Problem requirements: Of the lines listed below, return exactly those that run from the line containing "mpow (Cop2 d" through the line containing "- k) ** Cop2", both included.

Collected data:
theorem lemma1:
  fixes d :: nat and B1 B2 :: "complex^'n^'n"
  assumes "d \<ge> 2"
    and "unitary_mat B1" and "unitary_mat B2"
    and "\<And>c. is_eigenvalue B1 c \<Longrightarrow> c \<in> {omega_pow d (real l) | l. l < d}"
    and "\<And>c. is_eigenvalue B2 c \<Longrightarrow> c \<in> {omega_pow d (real l) | l. l < d}"
    and "\<And>k. 1 \<le> k \<Longrightarrow> k \<le> d - 1 \<Longrightarrow> Cop1 d B1 B2 k = mpow (Cop1 d B1 B2 1) k"
    and "\<And>k. 1 \<le> k \<Longrightarrow> k \<le> d - 1 \<Longrightarrow> Cop2 d B1 B2 k = mpow (Cop2 d B1 B2 1) k"
    and "\<And>k. 1 \<le> k \<Longrightarrow> k \<le> d - 1 \<Longrightarrow> Cop1 d B1 B2 (d - k) ** Cop1 d B1 B2 k = mat 1"
    and "\<And>k. 1 \<le> k \<Longrightarrow> k \<le> d - 1 \<Longrightarrow> Cop2 d B1 B2 (d - k) ** Cop2 d B1 B2 k = mat 1"
  shows "\<forall>n::nat. 0 < n \<and> n < d \<and> n dvd d \<longrightarrow>
           trace (mpow B1 n) = 0 \<and> trace (mpow B2 n) = 0"
proof (intro allI impI)
  fix n :: nat
  assume n: "0 < n \<and> n < d \<and> n dvd d"
  define X where "X = Abs_cmat (matrix_inv B1)"
  define Y where "Y = Abs_cmat (matrix_inv B2)"
  note Cop = Cop_eq_Rep_Cmat[of d B1 B2, folded X_def Y_def]
  have d: "1 \<le> d - 1"
    using assms(1) by simp
  interpret Cmat_relations d X Y
  proof
    show "Cmat1 d X Y k = Cmat1 d X Y 1 ^ k" "Cmat2 d X Y k = Cmat2 d X Y 1 ^ k"
      if "1 \<le> k" "k < d" for k
      using assms(6,7)[of k] that by (simp_all add: Cop Rep_cmat_inject flip: Rep_cmat_power)
    show "Cmat1 d X Y (d - 1) * Cmat1 d X Y 1 = 1" "Cmat2 d X Y (d - 1) * Cmat2 d X Y 1 = 1"
      using assms(8,9)[OF order.refl d] assms(1)
      by (simp_all add: Cop Rep_cmat_inject flip: times_cmat.rep_eq one_cmat.rep_eq)
  qed (use assms(1-3) in \<open>simp_all add: X_def Y_def unitary_Abs_cmat_matrix_inv(1)\<close>)
  have trace_eq: "trace (mpow B n) = cnj (tr (Abs_cmat (matrix_inv B) ^ n))" if "unitary_mat B" for B
    using that by (simp add: unitary_Abs_cmat_matrix_inv(2) adj_power[symmetric] tr_adj)
      (simp add: tr.rep_eq Rep_cmat_power Abs_cmat_inverse)
  show "trace (mpow B1 n) = 0 \<and> trace (mpow B2 n) = 0"
    using tr_power_eq_0 n by (simp add: X_def Y_def trace_eq[OF assms(2)] trace_eq[OF assms(3)])
qed

end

Solution for this task:
    and "\<And>k. 1 \<le> k \<Longrightarrow> k \<le> d - 1 \<Longrightarrow> Cop2 d B1 B2 k = mpow (Cop2 d B1 B2 1) k"
    and "\<And>k. 1 \<le> k \<Longrightarrow> k \<le> d - 1 \<Longrightarrow> Cop1 d B1 B2 (d - k) ** Cop1 d B1 B2 k = mat 1"
    and "\<And>k. 1 \<le> k \<Longrightarrow> k \<le> d - 1 \<Longrightarrow> Cop2 d B1 B2 (d - k) ** Cop2 d B1 B2 k = mat 1"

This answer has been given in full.